Index: conf/log4j.properties
===================================================================
--- conf/log4j.properties	(revision 1333878)
+++ conf/log4j.properties	(working copy)
@@ -26,15 +26,17 @@
 #special logging requirements for some commandline tools
 log4j.logger.org.apache.nutch.crawl.Crawl=INFO,cmdstdout
 log4j.logger.org.apache.nutch.crawl.InjectorJob=INFO,cmdstdout
+log4j.logger.org.apache.nutch.host.HostInjectorJob=INFO,cmdstdout
 log4j.logger.org.apache.nutch.crawl.GeneratorJob=INFO,cmdstdout
 log4j.logger.org.apache.nutch.crawl.DbUpdaterJob=INFO,cmdstdout
+log4j.logger.org.apache.nutch.host.HostDbUpdateJob=INFO,cmdstdout
 log4j.logger.org.apache.nutch.fetcher.FetcherJob=INFO,cmdstdout
 log4j.logger.org.apache.nutch.parse.ParserJob=INFO,cmdstdout
 log4j.logger.org.apache.nutch.indexer.IndexerJob=INFO,cmdstdout
 log4j.logger.org.apache.nutch.indexer.solr.SolrIndexerJob=INFO,cmdstdout
 log4j.logger.org.apache.nutch.indexer.DeleteDuplicates=INFO,cmdstdout
-log4j.logger.org.apache.nutch.indexer.IndexMerger=INFO,cmdstdout
 log4j.logger.org.apache.nutch.crawl.WebTableReader=INFO,cmdstdout
+log4j.logger.org.apache.nutch.host.HostDbReader=INFO,cmdstdout
 
 log4j.logger.org.apache.nutch=INFO
 log4j.logger.org.apache.hadoop=WARN
Index: src/java/org/apache/nutch/fetcher/FetcherJob.java
===================================================================
--- src/java/org/apache/nutch/fetcher/FetcherJob.java	(revision 1333878)

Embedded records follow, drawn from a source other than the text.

lemma prob_card_deviation_le:
  fixes N :: "'b pmf" and Y :: "'v \<Rightarrow> 'b \<Rightarrow> bool" and c t L \<mu> :: real
  assumes fin: "finite C"
    and ind: "prob_space.indep_vars (measure_pmf N) (\<lambda>_. count_space UNIV) Y C"
    and \<mu>: "\<mu> = (\<Sum>v\<in>C. measure_pmf.prob N {x. Y v x})"
    and c: "\<bar>c\<bar> = 1" and t: "t > 0" "L * (2 * \<mu> + t) \<le> t^2"
  shows "measure_pmf.prob N {x. t \<le> c * (card {v\<in>C. Y v x} - \<mu>)} \<le> exp (- L)"
proof -
  define X where "X x = real (card {v\<in>C. Y v x})" for x
  have \<mu>0: "\<mu> \<ge> 0" using \<mu> by (simp add: sum_nonneg)
  define r where "r = t / (\<mu> + t)"
  define s where "s = c * r"
  have r: "0 < r" using t \<mu>0 by (auto simp: r_def)
  define K where "K = exp (s * \<mu> + r * t)"
  have "{x. t \<le> c * (X x - \<mu>)} \<subseteq> {x\<in>space (measure_pmf N). K \<le> exp (s * X x)}"
  proof safe
    fix x assume "t \<le> c * (X x - \<mu>)"
    then have "r * t \<le> r * (c * (X x - \<mu>))" using r by (intro mult_left_mono) auto
    then show "K \<le> exp (s * X x)" by (simp add: K_def s_def algebra_simps)
  qed simp
  then have "measure_pmf.prob N {x. t \<le> c * (X x - \<mu>)}
      \<le> measure_pmf.prob N {x\<in>space (measure_pmf N). K \<le> exp (s * X x)}"
    by (intro measure_pmf.finite_measure_mono) auto
  also have "\<dots> \<le> measure_pmf.expectation N (\<lambda>x. exp (s * X x)) / K"
  proof (rule integral_Markov_inequality_measure[where A = UNIV])
    have "s * X x \<le> \<bar>s\<bar> * card C" for x
      using card_mono[OF fin, of "{v\<in>C. Y v x}"] abs_ge_self[of s]
      by (simp add: X_def) (metis abs_ge_zero mult_mono of_nat_0_le_iff of_nat_le_iff)
    then show "integrable (measure_pmf N) (\<lambda>x. exp (s * X x))"
      by (intro measure_pmf.integrable_const_bound[where B = "exp (\<bar>s\<bar> * card C)"]) auto
  qed (auto simp: K_def)
  also have "\<dots> \<le> exp (\<mu> * (exp s - 1)) / K"
    by (rule divide_right_mono)
      (use expectation_exp_card_le[OF fin ind, of s] in \<open>simp_all add: X_def \<mu> K_def\<close>)
  also have "\<dots> = exp (\<mu> * (exp s - 1 - s) - r * t)"
    unfolding K_def exp_diff[symmetric] by (rule arg_cong[where f = exp]) (simp add: algebra_simps)
  also have "\<dots> \<le> exp (- (t^2 / (2 * \<mu> + t)))"
    using chernoff_exponent_le[OF c \<mu>0 t(1)] by (simp add: s_def r_def)
  also have "exp (- (t^2 / (2 * \<mu> + t))) \<le> exp (- L)"
    using t \<mu>0 by (simp add: field_simps)
  finally show ?thesis by (simp add: X_def)
qed

lemma prob_abs_card_deviation_le:
  fixes N :: "'b pmf" and Y :: "'v \<Rightarrow> 'b \<Rightarrow> bool" and t L \<mu> :: real
  assumes "finite C"
    and "prob_space.indep_vars (measure_pmf N) (\<lambda>_. count_space UNIV) Y C"
    and "\<mu> = (\<Sum>v\<in>C. measure_pmf.prob N {x. Y v x})"
    and "t > 0" "L * (2 * \<mu> + t) \<le> t^2"
  shows "measure_pmf.prob N {x. t \<le> \<bar>card {v\<in>C. Y v x} - \<mu>\<bar>} \<le> 2 * exp (- L)"
proof -
  have "{x. t \<le> \<bar>card {v\<in>C. Y v x} - \<mu>\<bar>} =
      {x. t \<le> 1 * (card {v\<in>C. Y v x} - \<mu>)} \<union> {x. t \<le> (- 1) * (card {v\<in>C. Y v x} - \<mu>)}"
    by (auto simp: abs_if)
  then have "measure_pmf.prob N {x. t \<le> \<bar>card {v\<in>C. Y v x} - \<mu>\<bar>} \<le>
      measure_pmf.prob N {x. t \<le> 1 * (card {v\<in>C. Y v x} - \<mu>)} +
      measure_pmf.prob N {x. t \<le> (- 1) * (card {v\<in>C. Y v x} - \<mu>)}"
    by (simp add: measure_Un_le)
  also have "\<dots> \<le> exp (- L) + exp (- L)"
    using assms by (intro add_mono prob_card_deviation_le) auto
  finally show ?thesis by simp
qed

section \<open>Ranks in labellings\<close>

definition label_rank :: "'a set \<Rightarrow> ('a \<Rightarrow> nat) \<Rightarrow> 'a \<Rightarrow> nat" where
  "label_rank S w v = card {u\<in>S - {v}. w u < w v}"

lemma label_rank_less_card:
  assumes "finite S" "v \<in> S"
  shows "label_rank S w v < card S"
proof -
  have "label_rank S w v \<le> card (S - {v})"
    unfolding label_rank_def using assms by (intro card_mono) auto
  also have "\<dots> < card S" using assms by (rule card_Diff1_less)
  finally show ?thesis .
qed

lemma label_rank_strict_mono:
  assumes "finite S" "a \<in> S" "b \<in> S" "w a < w b"
  shows "label_rank S w a < label_rank S w b"
  unfolding label_rank_def
proof (rule psubset_card_mono)
  have "{u\<in>S - {a}. w u < w a} \<subseteq> {u\<in>S - {b}. w u < w b}"
    using assms(4) by auto
  moreover have "a \<in> {u\<in>S - {b}. w u < w b}" "a \<notin> {u\<in>S - {a}. w u < w a}"
    using assms by auto
  ultimately show "{u\<in>S - {a}. w u < w a} \<subset> {u\<in>S - {b}. w u < w b}" by blast
qed (use assms(1) in simp)

lemma bij_betw_label_rank:
  assumes "finite S" "inj_on w S"
  shows "bij_betw (label_rank S w) S {..<card S}"
proof -
  have "inj_on (label_rank S w) S"
  proof (rule inj_onI, rule ccontr)
    fix a b assume ab: "a \<in> S" "b \<in> S" "label_rank S w a = label_rank S w b" "a \<noteq> b"
    then have "w a \<noteq> w b" using assms(2) by (auto dest: inj_onD)
    then have "w a < w b \<or> w b < w a" by arith
    then show False using label_rank_strict_mono[OF assms(1)] ab by (metis less_irrefl)
  qed
  moreover have "label_rank S w ` S \<subseteq> {..<card S}"
    using label_rank_less_card[OF assms(1)] by auto
  ultimately show ?thesis
    unfolding bij_betw_def using card_image card_subset_eq[of "{..<card S}"]
      by (metis card_lessThan finite_lessThan)
qed

lemma label_rank_comp_permutes:
  assumes "\<pi> permutes S" "v \<in> S"
  shows "label_rank S (w \<circ> \<pi>) v = label_rank S w (\<pi> v)"
proof -
  have "bij_betw \<pi> (S - {v}) (S - {\<pi> v})"
    using assms by (intro bij_betw_DiffI permutes_imp_bij) (auto simp: permutes_in_image)
  then have "bij_betw \<pi> {u\<in>S - {v}. w (\<pi> u) < w (\<pi> v)} {u\<in>S - {\<pi> v}. w u < w (\<pi> v)}"
    by (rule bij_betw_Collect) simp
  then show ?thesis unfolding label_rank_def by (simp add: bij_betw_same_card)
qed

lemma comp_permutes_in_PiE_dflt:
  assumes "\<pi> permutes S" "w \<in> PiE_dflt S dflt (\<lambda>_. B)"
  shows "w \<circ> \<pi> \<in> PiE_dflt S dflt (\<lambda>_. B)"
  using assms by (auto simp: PiE_dflt_def permutes_not_in permutes_in_image)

+++ src/java/org/apache/nutch/fetcher/FetcherJob.java	(working copy)
@@ -110,7 +110,7 @@
       Utf8 mark = Mark.GENERATE_MARK.checkMark(page);
       if (!NutchJob.shouldProcess(mark, batchId)) {
         if (LOG.isDebugEnabled()) {
-          LOG.debug("Skipping " + TableUtil.unreverseUrl(key) + "; different batch id");
+          LOG.debug("Skipping " + TableUtil.unreverseUrl(key) + "; different batch id (" + batchId + ")");
         }
         return;
       }
@@ -265,12 +265,12 @@
     String batchId;
 
     String usage = "Usage: FetcherJob (<batchId> | -all) [-crawlId <id>] " +
-      "[-threads N] [-parse] [-resume] [-numTasks N]\n" +
-      "\tbatchId\tcrawl identifier returned by Generator, or -all for all generated batchId-s\n" +
-      "\t-crawlId <id>\t the id to prefix the schemas to operate on, (default: storage.crawl.id)\n" +
-      "\t-threads N\tnumber of fetching threads per task\n" +
-      "\t-resume\tresume interrupted job\n" +
-      "\t-numTasks N\tif N > 0 then use this many reduce tasks for fetching (default: mapred.map.tasks)";
+      "[-threads N] [-parse] \n \t \t  [-resume] [-numTasks N]\n" +
+      "    <batchId>     - crawl identifier returned by Generator, or -all for all \n \t \t    generated batchId-s\n" +
+      "    -crawlId <id> - the id to prefix the schemas to operate on, \n \t \t    (default: storage.crawl.id)\n" +
+      "    -threads N    - number of fetching threads per task\n" +
+      "    -resume       - resume interrupted job\n" +
+      "    -numTasks N   - if N > 0 then use this many reduce tasks for fetching \n \t \t    (default: mapred.map.tasks)";
 
     if (args.length == 0) {
       System.err.println(usage);
Index: src/java/org/apache/nutch/indexer/IndexerJob.java
===================================================================
--- src/java/org/apache/nutch/indexer/IndexerJob.java	(revision 1333878)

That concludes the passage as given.